You can't prove IPC is lower, you can't find JF say he talks about anything other than server performance, server performance is relevant just not to you.
Except I'm not? If Bulldozer was clocked 1GHZ higher, and overclocked 1GHZ higher than SB, it might be worthwhile, even with the low IPC.
IPC inherently improves performance across the board however.
This is not an accurate statement, at all, what you I assume meant to say was, performance per core improvements inherantly increases performance across the board........... IF you make no sacrifices in the architecture to raise per core performance.
In reality AMD could not fit 8 "wider" cores on a Bulldozer die, its that simple. Unlike you I have from day one said, per core performance IS irrelevant.

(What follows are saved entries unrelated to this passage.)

lemma Delta_plus_eq_eps0I:
  assumes "F \<in> Delta_plus" and one: "\<And>x. 0 < x \<Longrightarrow> F (ereal x) = 1"
  shows "F = eps0"
proof
  fix y :: ereal
  show "F y = eps0 y"
  proof (cases "y \<le> 0")
    case True
    then show ?thesis using Delta_plus_nonpos[OF assms(1)] by (simp add: eps0_def)
  next
    case False
    then show ?thesis
      by (cases y) (use assms(1) one in \<open>auto simp: eps0_def Delta_plus_def\<close>)
  qed
qed

lemma Delta_plus_continuity_point:
  assumes "F \<in> Delta_plus"
  obtains x where "X < x" and "isCont (\<lambda>t. F (ereal t)) x"
proof -
  have "mono (\<lambda>t. F (ereal t))"
    by (auto simp: mono_def intro: Delta_plus_mono[OF assms])
  from open_minus_countable[OF mono_ctble_discont[OF this], of "{X<..}"]
  show ?thesis using that by auto
qed

lemma strong_nbhd_mono:
  assumes "\<forall>q. \<nu> q \<in> Delta_plus" and "l \<le> l'"
  shows "strong_nbhd \<nu> p l \<subseteq> strong_nbhd \<nu> p l'"
proof
  fix q assume "q \<in> strong_nbhd \<nu> p l"
  moreover have "\<nu> (p - q) (ereal l) \<le> \<nu> (p - q) (ereal l')"
    using Delta_plus_mono assms by simp
  ultimately show "q \<in> strong_nbhd \<nu> p l'" using assms(2) by (simp add: strong_nbhd_def)
qed

lemma strong_conv_subseq:
  assumes "strong_conv \<nu> s p" and "strict_mono r"
  shows "strong_conv \<nu> (s \<circ> r) p"
  using assms(1) eventually_subseq[OF assms(2)] by (simp add: strong_conv_def) blast

lemma strong_conv_tendsto_one:
  assumes "\<forall>q. \<nu> q \<in> Delta_plus" and "strong_conv \<nu> s p" and "0 < x"
  shows "(\<lambda>n. \<nu> (p - s n) (ereal x)) \<longlonglongrightarrow> 1"
proof (rule order_tendstoI)
  fix c :: real assume "c < 1"
  define l where "l = min x (1 - c)"
  have "0 < l" using \<open>c < 1\<close> \<open>0 < x\<close> by (simp add: l_def)
  with assms(2) have "eventually (\<lambda>n. s n \<in> strong_nbhd \<nu> p l) sequentially"
    by (simp add: strong_conv_def)
  then show "eventually (\<lambda>n. c < \<nu> (p - s n) (ereal x)) sequentially"
  proof eventually_elim
    case (elim n)
    have "\<nu> (p - s n) (ereal l) \<le> \<nu> (p - s n) (ereal x)"
      using Delta_plus_mono assms(1) by (simp add: l_def)
    with elim show ?case by (simp add: strong_nbhd_def l_def)
  qed
next
  fix c :: real assume "1 < c"
  then show "eventually (\<lambda>n. \<nu> (p - s n) (ereal x) < c) sequentially"
    using Delta_plus_bounds(2) assms(1) by (meson always_eventually le_less_trans)
qed

lemma PN_spaceD:
  assumes "PN_space \<nu> \<tau> \<tau>s"
  shows "triangle_function \<tau>" and "continuous_tf \<tau>" and "\<nu> p \<in> Delta_plus"
    and "\<nu> p = eps0 \<longleftrightarrow> p = 0" and "\<nu> (- p) = \<nu> p" and "\<tau> (\<nu> p) (\<nu> q) \<le> \<nu> (p + q)"
  using assms by (simp_all add: PN_space_def)

lemma strong_conv_weak_conv_eps0:
  assumes PN: "PN_space \<nu> \<tau> \<tau>s" and "strong_conv \<nu> s p"
  shows "weak_conv (\<lambda>n. \<nu> (p - s n)) eps0" and "weak_conv (\<lambda>n. \<nu> (s n - p)) eps0"
proof -
  show *: "weak_conv (\<lambda>n. \<nu> (p - s n)) eps0"
    using strong_conv_tendsto_one[OF _ assms(2)] PN_spaceD(3)[OF PN]
    unfolding weak_conv_def by (simp add: eps0_def)
  have "\<nu> (s n - p) = \<nu> (p - s n)" for n
    using PN_spaceD(5)[OF PN, of "p - s n"] by simp
  with * show "weak_conv (\<lambda>n. \<nu> (s n - p)) eps0" by simp
qed

lemma weak_conv_tau_eps0:
  assumes "triangle_function \<tau>" and "continuous_tf \<tau>"
    and "\<And>n. Fs n \<in> Delta_plus" and "\<And>n. Gs n \<in> Delta_plus" and "G \<in> Delta_plus"
    and "weak_conv Fs eps0" and "weak_conv Gs G"
  shows "weak_conv (\<lambda>n. \<tau> (Fs n) (Gs n)) G"
proof -
  have "\<tau> eps0 G = G"
    using assms(1,5) eps0_in_Delta_plus unfolding triangle_function_def by metis
  with assms(2)[unfolded continuous_tf_def, rule_format, OF assms(3,4) eps0_in_Delta_plus assms(5-7)]
  show ?thesis by simp
qed

lemma strong_conv_unique:
  assumes PN: "PN_space \<nu> \<tau> \<tau>s" and "strong_conv \<nu> s p" and "strong_conv \<nu> s a"
  shows "p = a"
proof -
  have w: "weak_conv (\<lambda>n. \<tau> (\<nu> (p - s n)) (\<nu> (s n - a))) eps0"
    by (rule weak_conv_tau_eps0[OF PN_spaceD(1,2,3,3)[OF PN] eps0_in_Delta_plus
        strong_conv_weak_conv_eps0(1)[OF PN assms(2)] strong_conv_weak_conv_eps0(2)[OF PN assms(3)]])
  have "\<nu> (p - a) (ereal x) = 1" if "0 < x" for x
  proof -
    have lim: "(\<lambda>n. \<tau> (\<nu> (p - s n)) (\<nu> (s n - a)) (ereal x)) \<longlonglongrightarrow> 1"
      using w that isCont_eps0[OF that] unfolding weak_conv_def by (simp add: eps0_def)
    have "\<tau> (\<nu> (p - s n)) (\<nu> (s n - a)) (ereal x) \<le> \<nu> (p - a) (ereal x)" for n
      using PN_spaceD(6)[OF PN, of "p - s n" "s n - a"] by (simp add: le_fun_def)
    then have "1 \<le> \<nu> (p - a) (ereal x)" using LIMSEQ_le_const2[OF lim] by blast
    then show ?thesis using Delta_plus_bounds(2)[OF PN_spaceD(3)[OF PN]] by (meson antisym)
  qed
  then have "\<nu> (p - a) = eps0" by (rule Delta_plus_eq_eps0I[OF PN_spaceD(3)[OF PN]])
  then show "p = a" using PN_spaceD(4)[OF PN] by simp
qed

There isn't a single thing I'd do on a 2500k, 2600k or Bulldozer, or Phenom x4/x6 where single threaded performance matters any more. There isn't a single game I own, going back 15 years that is single threaded that won't run great on a Bulldozer, new games are all multithreaded, some of them are heavily multithreaded, performance in all of them is more than ample, and going into the future more games will be more heavily multithreaded thereby using the bulldozer more effectively.
Anyway I went a little off track there, to raise IPC as you see it, performance per core on a single thread, you WOULD need a more robust front end AND another integer pipe, maybe a little more FPU aswell, this would all have made it impossible to have 8 cores on a die. So you'd end up with 4 "fat" cores, faster in single thread, same speed or even maybe slower in heavily multithreaded applications. Heavy multithreading IS the future, bringing a new architecture out now, which will carry over for the next 4-5 years at least, and focusing on single threaded performance WOULD end AMD, its that simple. Basing an architecture that needs to be competitive in 5 years, on single threaded performance, would be beyond stupid.

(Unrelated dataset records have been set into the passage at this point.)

lemma subset_zeta_span: "R \<subseteq> zeta_span R p"
proof
  fix a assume "a \<in> R"
  have "(\<Sum>i<p. (if i = 0 then a else 0) * zeta p ^ i) = (\<Sum>i<p. if i = 0 then a else 0)"
    by (intro sum.cong) auto
  also have "\<dots> = a"
    using p by simp
  finally have "(\<Sum>i<p. (if i = 0 then a else 0) * zeta p ^ i) = a" .
  moreover have "(\<Sum>i<p. (if i = 0 then a else 0) * zeta p ^ i) \<in> zeta_span R p"
    using \<open>a \<in> R\<close> by (intro zeta_span_intro) auto
  ultimately show "a \<in> zeta_span R p"
    by simp
qed

lemma zeta_span_mult_zeta:
  assumes "x \<in> zeta_span R p"
  shows "zeta p * x \<in> zeta_span R p"
proof -
  obtain c where c: "\<forall>i. c i \<in> R" "x = (\<Sum>i<p. c i * zeta p ^ i)"
    using assms unfolding zeta_span_def by blast
  obtain m where m: "p = Suc m"
    using p by (cases p) auto
  define d where "d i = (case i of 0 \<Rightarrow> c m | Suc j \<Rightarrow> c j)" for i
  have "zeta p * x = (\<Sum>i<m. c i * zeta p ^ Suc i) + c m * zeta p ^ p"
    unfolding c(2) m sum_distrib_left by (simp add: mult_ac)
  also have "\<dots> = (\<Sum>i<p. d i * zeta p ^ i)"
    using zeta_power_eq_1[OF p] unfolding m sum.lessThan_Suc_shift by (simp add: d_def)
  finally show ?thesis
    using c(1) by (auto intro: zeta_span_intro simp: d_def split: nat.split)
qed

In your magical world of make believe where you can make the cores wider with no die size penalty and increase the single threaded performance, sure, that would be great, but we don't live in the land of Martini makes up the rules of physics.
It's software that can't utilise the threads.
Pretty much in the majority of situations, only half of the integer cores will be getting used lol.
I really have no idea what you are getting at with this, it seems to be not the first time where you suggest a 10-25% performance bump in single threaded performance is laughable as it won't improve 8 threaded performance.........
Yet in any other post all you complain about is single threaded performance, and randomly ignore the fact that with 8 threads Bulldozer beats the 2600k multiple times and the 2500k almost every time. So the one area it would bump performance is the one area you complain about but this is somehow.... laughable.
More importantly, with a 15-25% bump in single threaded performance in 4 or less threaded performance, Bulldozer would likely beat the x6/x4 in almost every single situation with mostly similar clock speeds.
Lets be honest, you talked crap about Bulldozer when you didn't understand it, you talked crap and literally lied about what other people had supposedly said about it ( You have indeed accused me of saying Bulldozer would be awesome and be faster than Sandybridge, when I was infact one of the few to point out exactly why it would not), you're still talking crap about Bulldozer even ignoring all facts now known. You consistantly call it slower than an X6/x4/previous gen, despite multiple situations in which it trashes the x6/x4, which are, as it happens, area's where software will be going more frequently in the coming years and, meh, not much else needs to be said.
You've been trolling this thread since the start, posting more ill informed crap than anyone else, doing a bit of a "raven" by trying to hype expectation about what you think it should do, then coming in after and saying how crap it is and you seem to have a fundamental lack of knowledge about errm, everything in which you talk about.